§ **EXERCISE OBJECTIVE**: Retype every line below precisely as it appears.
*** Opening of RECORD EXTRACTS ***
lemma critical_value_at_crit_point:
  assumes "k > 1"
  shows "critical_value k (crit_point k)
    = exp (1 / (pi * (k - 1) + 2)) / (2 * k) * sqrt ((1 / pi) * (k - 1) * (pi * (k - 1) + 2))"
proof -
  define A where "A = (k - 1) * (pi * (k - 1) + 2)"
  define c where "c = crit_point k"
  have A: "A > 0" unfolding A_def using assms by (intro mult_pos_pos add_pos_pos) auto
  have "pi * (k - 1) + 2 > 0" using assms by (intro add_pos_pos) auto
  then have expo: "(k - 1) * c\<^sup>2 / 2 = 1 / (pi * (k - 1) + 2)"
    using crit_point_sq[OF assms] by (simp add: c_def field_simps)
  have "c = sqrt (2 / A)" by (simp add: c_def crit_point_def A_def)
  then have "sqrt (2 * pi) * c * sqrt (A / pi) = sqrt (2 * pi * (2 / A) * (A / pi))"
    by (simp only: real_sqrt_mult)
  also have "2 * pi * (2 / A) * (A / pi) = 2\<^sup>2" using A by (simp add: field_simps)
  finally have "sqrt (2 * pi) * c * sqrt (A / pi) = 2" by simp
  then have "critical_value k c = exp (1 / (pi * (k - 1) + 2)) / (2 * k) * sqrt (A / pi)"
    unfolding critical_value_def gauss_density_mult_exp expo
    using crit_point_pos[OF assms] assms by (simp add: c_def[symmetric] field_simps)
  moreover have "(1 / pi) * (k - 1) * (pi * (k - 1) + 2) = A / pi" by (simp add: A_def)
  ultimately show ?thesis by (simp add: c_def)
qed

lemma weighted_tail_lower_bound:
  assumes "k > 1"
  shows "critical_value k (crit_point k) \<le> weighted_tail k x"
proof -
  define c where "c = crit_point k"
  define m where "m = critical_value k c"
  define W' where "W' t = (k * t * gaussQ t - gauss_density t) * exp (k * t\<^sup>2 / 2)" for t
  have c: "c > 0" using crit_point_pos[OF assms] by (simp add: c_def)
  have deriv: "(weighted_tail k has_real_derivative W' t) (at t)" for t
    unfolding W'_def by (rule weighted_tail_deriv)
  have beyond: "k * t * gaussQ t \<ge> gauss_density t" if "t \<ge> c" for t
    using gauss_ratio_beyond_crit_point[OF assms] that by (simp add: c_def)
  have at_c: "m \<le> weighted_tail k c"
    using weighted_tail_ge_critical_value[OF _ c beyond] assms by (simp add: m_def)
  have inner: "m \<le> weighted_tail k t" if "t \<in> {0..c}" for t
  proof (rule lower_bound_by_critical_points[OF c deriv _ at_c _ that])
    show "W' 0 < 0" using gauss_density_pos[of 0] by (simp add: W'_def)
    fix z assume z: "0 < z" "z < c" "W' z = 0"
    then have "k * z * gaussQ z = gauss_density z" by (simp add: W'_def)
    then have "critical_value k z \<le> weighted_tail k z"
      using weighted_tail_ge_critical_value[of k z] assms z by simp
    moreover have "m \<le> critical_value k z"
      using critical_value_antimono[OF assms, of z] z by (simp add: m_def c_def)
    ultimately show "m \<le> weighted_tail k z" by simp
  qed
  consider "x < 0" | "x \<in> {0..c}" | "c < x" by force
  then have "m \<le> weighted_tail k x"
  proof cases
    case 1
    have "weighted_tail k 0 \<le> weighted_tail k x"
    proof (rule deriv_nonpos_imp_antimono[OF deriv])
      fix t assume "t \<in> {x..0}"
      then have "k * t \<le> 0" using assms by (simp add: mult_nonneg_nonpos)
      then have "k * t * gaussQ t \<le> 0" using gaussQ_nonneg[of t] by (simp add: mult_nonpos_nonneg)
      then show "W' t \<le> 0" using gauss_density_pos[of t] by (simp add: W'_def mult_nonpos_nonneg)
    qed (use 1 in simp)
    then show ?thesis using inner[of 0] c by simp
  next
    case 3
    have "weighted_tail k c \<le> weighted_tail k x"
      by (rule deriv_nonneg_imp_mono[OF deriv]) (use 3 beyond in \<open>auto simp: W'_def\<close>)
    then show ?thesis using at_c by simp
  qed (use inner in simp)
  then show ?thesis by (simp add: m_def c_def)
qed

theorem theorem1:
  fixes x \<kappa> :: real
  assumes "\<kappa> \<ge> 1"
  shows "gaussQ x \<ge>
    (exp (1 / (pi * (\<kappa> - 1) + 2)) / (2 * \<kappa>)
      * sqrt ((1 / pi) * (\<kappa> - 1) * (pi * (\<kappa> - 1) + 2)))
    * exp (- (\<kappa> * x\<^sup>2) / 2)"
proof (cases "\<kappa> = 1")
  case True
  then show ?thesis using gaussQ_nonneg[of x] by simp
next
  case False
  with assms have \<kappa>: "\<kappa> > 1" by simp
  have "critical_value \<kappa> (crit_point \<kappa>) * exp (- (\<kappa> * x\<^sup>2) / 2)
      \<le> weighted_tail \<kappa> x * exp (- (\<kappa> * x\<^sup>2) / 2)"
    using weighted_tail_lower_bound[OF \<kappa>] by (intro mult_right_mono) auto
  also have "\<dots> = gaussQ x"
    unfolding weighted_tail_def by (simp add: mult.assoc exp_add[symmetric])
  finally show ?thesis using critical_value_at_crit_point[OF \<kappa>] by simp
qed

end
*** Close of RECORD EXTRACTS ***
§ **RESULT BELOW**:
lemma critical_value_at_crit_point:
  assumes "k > 1"
  shows "critical_value k (crit_point k)
    = exp (1 / (pi * (k - 1) + 2)) / (2 * k) * sqrt ((1 / pi) * (k - 1) * (pi * (k - 1) + 2))"
proof -
  define A where "A = (k - 1) * (pi * (k - 1) + 2)"
  define c where "c = crit_point k"
  have A: "A > 0" unfolding A_def using assms by (intro mult_pos_pos add_pos_pos) auto
  have "pi * (k - 1) + 2 > 0" using assms by (intro add_pos_pos) auto
  then have expo: "(k - 1) * c\<^sup>2 / 2 = 1 / (pi * (k - 1) + 2)"
    using crit_point_sq[OF assms] by (simp add: c_def field_simps)
  have "c = sqrt (2 / A)" by (simp add: c_def crit_point_def A_def)
  then have "sqrt (2 * pi) * c * sqrt (A / pi) = sqrt (2 * pi * (2 / A) * (A / pi))"
    by (simp only: real_sqrt_mult)
  also have "2 * pi * (2 / A) * (A / pi) = 2\<^sup>2" using A by (simp add: field_simps)
  finally have "sqrt (2 * pi) * c * sqrt (A / pi) = 2" by simp
  then have "critical_value k c = exp (1 / (pi * (k - 1) + 2)) / (2 * k) * sqrt (A / pi)"
    unfolding critical_value_def gauss_density_mult_exp expo
    using crit_point_pos[OF assms] assms by (simp add: c_def[symmetric] field_simps)
  moreover have "(1 / pi) * (k - 1) * (pi * (k - 1) + 2) = A / pi" by (simp add: A_def)
  ultimately show ?thesis by (simp add: c_def)
qed

lemma weighted_tail_lower_bound:
  assumes "k > 1"
  shows "critical_value k (crit_point k) \<le> weighted_tail k x"
proof -
  define c where "c = crit_point k"
  define m where "m = critical_value k c"
  define W' where "W' t = (k * t * gaussQ t - gauss_density t) * exp (k * t\<^sup>2 / 2)" for t
  have c: "c > 0" using crit_point_pos[OF assms] by (simp add: c_def)
  have deriv: "(weighted_tail k has_real_derivative W' t) (at t)" for t
    unfolding W'_def by (rule weighted_tail_deriv)
  have beyond: "k * t * gaussQ t \<ge> gauss_density t" if "t \<ge> c" for t
    using gauss_ratio_beyond_crit_point[OF assms] that by (simp add: c_def)
  have at_c: "m \<le> weighted_tail k c"
    using weighted_tail_ge_critical_value[OF _ c beyond] assms by (simp add: m_def)
  have inner: "m \<le> weighted_tail k t" if "t \<in> {0..c}" for t
  proof (rule lower_bound_by_critical_points[OF c deriv _ at_c _ that])
    show "W' 0 < 0" using gauss_density_pos[of 0] by (simp add: W'_def)
    fix z assume z: "0 < z" "z < c" "W' z = 0"
    then have "k * z * gaussQ z = gauss_density z" by (simp add: W'_def)
    then have "critical_value k z \<le> weighted_tail k z"
      using weighted_tail_ge_critical_value[of k z] assms z by simp
    moreover have "m \<le> critical_value k z"
      using critical_value_antimono[OF assms, of z] z by (simp add: m_def c_def)
    ultimately show "m \<le> weighted_tail k z" by simp
  qed
  consider "x < 0" | "x \<in> {0..c}" | "c < x" by force
  then have "m \<le> weighted_tail k x"
  proof cases
    case 1
    have "weighted_tail k 0 \<le> weighted_tail k x"
    proof (rule deriv_nonpos_imp_antimono[OF deriv])
      fix t assume "t \<in> {x..0}"
      then have "k * t \<le> 0" using assms by (simp add: mult_nonneg_nonpos)
      then have "k * t * gaussQ t \<le> 0" using gaussQ_nonneg[of t] by (simp add: mult_nonpos_nonneg)
      then show "W' t \<le> 0" using gauss_density_pos[of t] by (simp add: W'_def mult_nonpos_nonneg)
    qed (use 1 in simp)
    then show ?thesis using inner[of 0] c by simp
  next
    case 3
    have "weighted_tail k c \<le> weighted_tail k x"
      by (rule deriv_nonneg_imp_mono[OF deriv]) (use 3 beyond in \<open>auto simp: W'_def\<close>)
    then show ?thesis using at_c by simp
  qed (use inner in simp)
  then show ?thesis by (simp add: m_def c_def)
qed

theorem theorem1:
  fixes x \<kappa> :: real
  assumes "\<kappa> \<ge> 1"
  shows "gaussQ x \<ge>
    (exp (1 / (pi * (\<kappa> - 1) + 2)) / (2 * \<kappa>)
      * sqrt ((1 / pi) * (\<kappa> - 1) * (pi * (\<kappa> - 1) + 2)))
    * exp (- (\<kappa> * x\<^sup>2) / 2)"
proof (cases "\<kappa> = 1")
  case True
  then show ?thesis using gaussQ_nonneg[of x] by simp
next
  case False
  with assms have \<kappa>: "\<kappa> > 1" by simp
  have "critical_value \<kappa> (crit_point \<kappa>) * exp (- (\<kappa> * x\<^sup>2) / 2)
      \<le> weighted_tail \<kappa> x * exp (- (\<kappa> * x\<^sup>2) / 2)"
    using weighted_tail_lower_bound[OF \<kappa>] by (intro mult_right_mono) auto
  also have "\<dots> = gaussQ x"
    unfolding weighted_tail_def by (simp add: mult.assoc exp_add[symmetric])
  finally show ?thesis using critical_value_at_crit_point[OF \<kappa>] by simp
qed

end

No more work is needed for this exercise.